WHAT THIS TASK INVOLVES » Where does the string "close" appear in the listing below? Copy every line where it does.

DATA FOR THIS EXERCISE »
_ _ _ _ _
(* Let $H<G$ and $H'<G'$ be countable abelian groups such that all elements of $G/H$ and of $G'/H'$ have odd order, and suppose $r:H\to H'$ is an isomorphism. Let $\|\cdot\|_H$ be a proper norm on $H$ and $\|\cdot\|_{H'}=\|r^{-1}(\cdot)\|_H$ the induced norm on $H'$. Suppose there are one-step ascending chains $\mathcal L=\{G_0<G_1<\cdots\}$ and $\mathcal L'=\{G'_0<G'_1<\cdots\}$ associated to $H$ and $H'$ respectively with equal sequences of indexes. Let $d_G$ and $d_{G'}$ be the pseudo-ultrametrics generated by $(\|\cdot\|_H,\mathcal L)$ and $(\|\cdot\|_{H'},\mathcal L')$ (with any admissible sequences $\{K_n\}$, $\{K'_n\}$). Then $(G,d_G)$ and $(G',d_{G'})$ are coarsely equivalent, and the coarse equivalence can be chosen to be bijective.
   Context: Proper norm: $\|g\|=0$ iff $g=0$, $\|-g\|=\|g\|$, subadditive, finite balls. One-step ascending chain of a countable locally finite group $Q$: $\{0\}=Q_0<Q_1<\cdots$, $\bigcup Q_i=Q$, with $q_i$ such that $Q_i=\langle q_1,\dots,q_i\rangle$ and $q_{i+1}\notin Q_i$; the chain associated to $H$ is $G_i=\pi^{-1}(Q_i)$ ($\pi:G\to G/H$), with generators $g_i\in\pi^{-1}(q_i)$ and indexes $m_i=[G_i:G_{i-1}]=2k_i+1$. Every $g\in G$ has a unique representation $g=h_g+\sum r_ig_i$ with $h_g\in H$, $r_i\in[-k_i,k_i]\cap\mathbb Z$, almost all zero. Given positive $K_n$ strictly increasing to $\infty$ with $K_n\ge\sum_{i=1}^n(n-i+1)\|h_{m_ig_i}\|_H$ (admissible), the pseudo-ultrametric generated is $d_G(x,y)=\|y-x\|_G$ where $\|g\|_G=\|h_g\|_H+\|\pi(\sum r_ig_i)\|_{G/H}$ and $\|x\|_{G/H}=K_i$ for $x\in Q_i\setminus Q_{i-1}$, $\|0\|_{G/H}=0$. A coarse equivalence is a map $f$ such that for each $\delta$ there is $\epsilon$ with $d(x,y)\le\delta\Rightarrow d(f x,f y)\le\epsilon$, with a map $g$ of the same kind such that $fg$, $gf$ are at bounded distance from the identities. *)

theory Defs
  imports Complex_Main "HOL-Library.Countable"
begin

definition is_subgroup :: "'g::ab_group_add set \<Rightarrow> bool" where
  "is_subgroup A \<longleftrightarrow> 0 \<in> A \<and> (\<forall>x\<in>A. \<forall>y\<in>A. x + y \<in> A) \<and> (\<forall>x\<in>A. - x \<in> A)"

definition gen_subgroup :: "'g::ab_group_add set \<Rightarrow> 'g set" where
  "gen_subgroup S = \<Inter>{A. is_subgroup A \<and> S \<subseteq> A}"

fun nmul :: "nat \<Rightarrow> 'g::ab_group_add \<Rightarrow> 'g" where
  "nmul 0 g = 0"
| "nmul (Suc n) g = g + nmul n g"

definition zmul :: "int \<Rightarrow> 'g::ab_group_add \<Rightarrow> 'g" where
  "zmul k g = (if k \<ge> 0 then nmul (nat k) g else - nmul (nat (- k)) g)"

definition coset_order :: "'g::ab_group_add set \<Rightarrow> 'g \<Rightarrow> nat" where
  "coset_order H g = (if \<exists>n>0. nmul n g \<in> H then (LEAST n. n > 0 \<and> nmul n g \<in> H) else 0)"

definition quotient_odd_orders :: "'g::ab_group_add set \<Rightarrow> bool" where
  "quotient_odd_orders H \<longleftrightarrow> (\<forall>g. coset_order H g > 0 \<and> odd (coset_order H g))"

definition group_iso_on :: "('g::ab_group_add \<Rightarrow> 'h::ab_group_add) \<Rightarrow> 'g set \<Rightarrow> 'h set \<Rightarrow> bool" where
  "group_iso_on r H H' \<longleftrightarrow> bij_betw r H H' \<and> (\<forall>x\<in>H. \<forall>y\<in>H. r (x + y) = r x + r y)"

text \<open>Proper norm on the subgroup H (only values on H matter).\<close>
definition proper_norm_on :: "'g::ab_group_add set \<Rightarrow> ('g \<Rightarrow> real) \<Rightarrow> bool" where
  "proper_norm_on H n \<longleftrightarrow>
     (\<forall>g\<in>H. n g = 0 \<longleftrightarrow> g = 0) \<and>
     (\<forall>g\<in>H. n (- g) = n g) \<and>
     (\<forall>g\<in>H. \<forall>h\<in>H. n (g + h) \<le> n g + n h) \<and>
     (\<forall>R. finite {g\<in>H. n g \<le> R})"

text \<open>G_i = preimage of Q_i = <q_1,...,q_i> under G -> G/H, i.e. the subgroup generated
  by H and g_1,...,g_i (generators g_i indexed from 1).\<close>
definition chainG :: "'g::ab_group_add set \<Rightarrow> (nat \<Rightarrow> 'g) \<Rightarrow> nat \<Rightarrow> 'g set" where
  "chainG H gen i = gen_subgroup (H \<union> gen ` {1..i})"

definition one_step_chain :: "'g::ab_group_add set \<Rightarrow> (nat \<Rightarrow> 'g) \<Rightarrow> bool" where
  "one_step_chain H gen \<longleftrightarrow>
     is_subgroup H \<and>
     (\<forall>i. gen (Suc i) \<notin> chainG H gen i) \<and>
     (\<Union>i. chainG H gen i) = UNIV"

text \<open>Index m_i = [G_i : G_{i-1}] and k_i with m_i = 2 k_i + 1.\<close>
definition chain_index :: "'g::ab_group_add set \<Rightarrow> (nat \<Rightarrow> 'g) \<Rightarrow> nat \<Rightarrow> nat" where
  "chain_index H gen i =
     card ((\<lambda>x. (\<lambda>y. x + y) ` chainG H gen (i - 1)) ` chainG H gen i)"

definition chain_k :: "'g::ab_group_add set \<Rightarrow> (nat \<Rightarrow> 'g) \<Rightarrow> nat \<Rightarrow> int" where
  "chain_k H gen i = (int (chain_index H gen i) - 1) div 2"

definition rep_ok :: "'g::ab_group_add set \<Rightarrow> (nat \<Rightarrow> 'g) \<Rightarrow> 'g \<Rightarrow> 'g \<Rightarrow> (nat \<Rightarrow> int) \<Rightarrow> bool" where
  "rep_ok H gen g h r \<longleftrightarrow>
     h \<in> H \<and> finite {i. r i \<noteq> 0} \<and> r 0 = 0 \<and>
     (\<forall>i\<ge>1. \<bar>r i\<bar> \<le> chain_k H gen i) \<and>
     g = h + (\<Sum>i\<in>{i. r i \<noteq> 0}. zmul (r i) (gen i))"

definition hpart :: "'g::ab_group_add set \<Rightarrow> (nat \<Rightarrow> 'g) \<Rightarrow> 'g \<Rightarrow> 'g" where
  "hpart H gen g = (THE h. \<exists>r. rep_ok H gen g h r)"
_ _ _ _ _
ANSWER TO THIS EXERCISE »
text \<open>Proper norm on the subgroup H (only values on H matter).\<close>
  by H and g_1,...,g_i (generators g_i indexed from 1).\<close>
text \<open>Index m_i = [G_i : G_{i-1}] and k_i with m_i = 2 k_i + 1.\<close>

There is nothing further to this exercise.